Here the requirement is to repeat every record exactly, in full.
--- THE RECORDS Enclosed Below ---
(* For an $E$-linear code $C$ of length $2n$, $C^{\perp_{S_L}}=C^{\perp_S}$ if and only if $C$ is left symplectic nice. Equivalently, $C^{\perp_{S_L}}=C^{\perp_S}$ if and only if $C$ is free.
   Context: $E=\langle \kappa,\tau \mid 2\kappa=2\tau=0,\ \kappa^2=\kappa,\ \tau^2=\tau,\ \kappa\tau=\kappa,\ \tau\kappa=\tau\rangle$ is the non-unital ring $\{0,\kappa,\tau,\zeta\}$ ($|E|=4$), $\zeta=\kappa+\tau$, with $e\kappa=e\tau=e$, $e\zeta=0$ for all $e\in E$. Every $e\in E$ is uniquely $u\kappa+v\zeta$ ($u,v\in\mathbb{F}_2$); $\pi(u\kappa+v\zeta)=u$, componentwise. An $E$-linear code of length $2n$ is a left $E$-submodule $C\subseteq E^{2n}$; $C_{Res}=\pi(C)$, $C_{Tor}=\{v\in\mathbb{F}_2^{2n}:\zeta v\in C\}$ (componentwise, $0\cdot\zeta=0,1\cdot\zeta=\zeta$); $C$ is free if $C_{Res}=C_{Tor}$. Symplectic inner product: $\langle (u|v),(u'|v')\rangle_s=\sum_i u_iv'_i+\sum_i v_iu'_i$. $C^{\perp_{S_L}}=\{z\in E^{2n}:\langle z,w\rangle_s=0\ \forall w\in C\}$, $C^{\perp_{S_R}}=\{z\in E^{2n}:\langle w,z\rangle_s=0\ \forall w\in C\}$, $C^{\perp_S}=C^{\perp_{S_L}}\cap C^{\perp_{S_R}}$. $C$ is left symplectic nice if $|C|\,|C^{\perp_{S_L}}|=|E|^{2n}$. *)

theory Defs
  imports Main
begin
--- End of Enclosed THE RECORDS ---
■ **YOUR RESPONSE**
(* For an $E$-linear code $C$ of length $2n$, $C^{\perp_{S_L}}=C^{\perp_S}$ if and only if $C$ is left symplectic nice. Equivalently, $C^{\perp_{S_L}}=C^{\perp_S}$ if and only if $C$ is free.
   Context: $E=\langle \kappa,\tau \mid 2\kappa=2\tau=0,\ \kappa^2=\kappa,\ \tau^2=\tau,\ \kappa\tau=\kappa,\ \tau\kappa=\tau\rangle$ is the non-unital ring $\{0,\kappa,\tau,\zeta\}$ ($|E|=4$), $\zeta=\kappa+\tau$, with $e\kappa=e\tau=e$, $e\zeta=0$ for all $e\in E$. Every $e\in E$ is uniquely $u\kappa+v\zeta$ ($u,v\in\mathbb{F}_2$); $\pi(u\kappa+v\zeta)=u$, componentwise. An $E$-linear code of length $2n$ is a left $E$-submodule $C\subseteq E^{2n}$; $C_{Res}=\pi(C)$, $C_{Tor}=\{v\in\mathbb{F}_2^{2n}:\zeta v\in C\}$ (componentwise, $0\cdot\zeta=0,1\cdot\zeta=\zeta$); $C$ is free if $C_{Res}=C_{Tor}$. Symplectic inner product: $\langle (u|v),(u'|v')\rangle_s=\sum_i u_iv'_i+\sum_i v_iu'_i$. $C^{\perp_{S_L}}=\{z\in E^{2n}:\langle z,w\rangle_s=0\ \forall w\in C\}$, $C^{\perp_{S_R}}=\{z\in E^{2n}:\langle w,z\rangle_s=0\ \forall w\in C\}$, $C^{\perp_S}=C^{\perp_{S_L}}\cap C^{\perp_{S_R}}$. $C$ is left symplectic nice if $|C|\,|C^{\perp_{S_L}}|=|E|^{2n}$. *)

theory Defs
  imports Main
begin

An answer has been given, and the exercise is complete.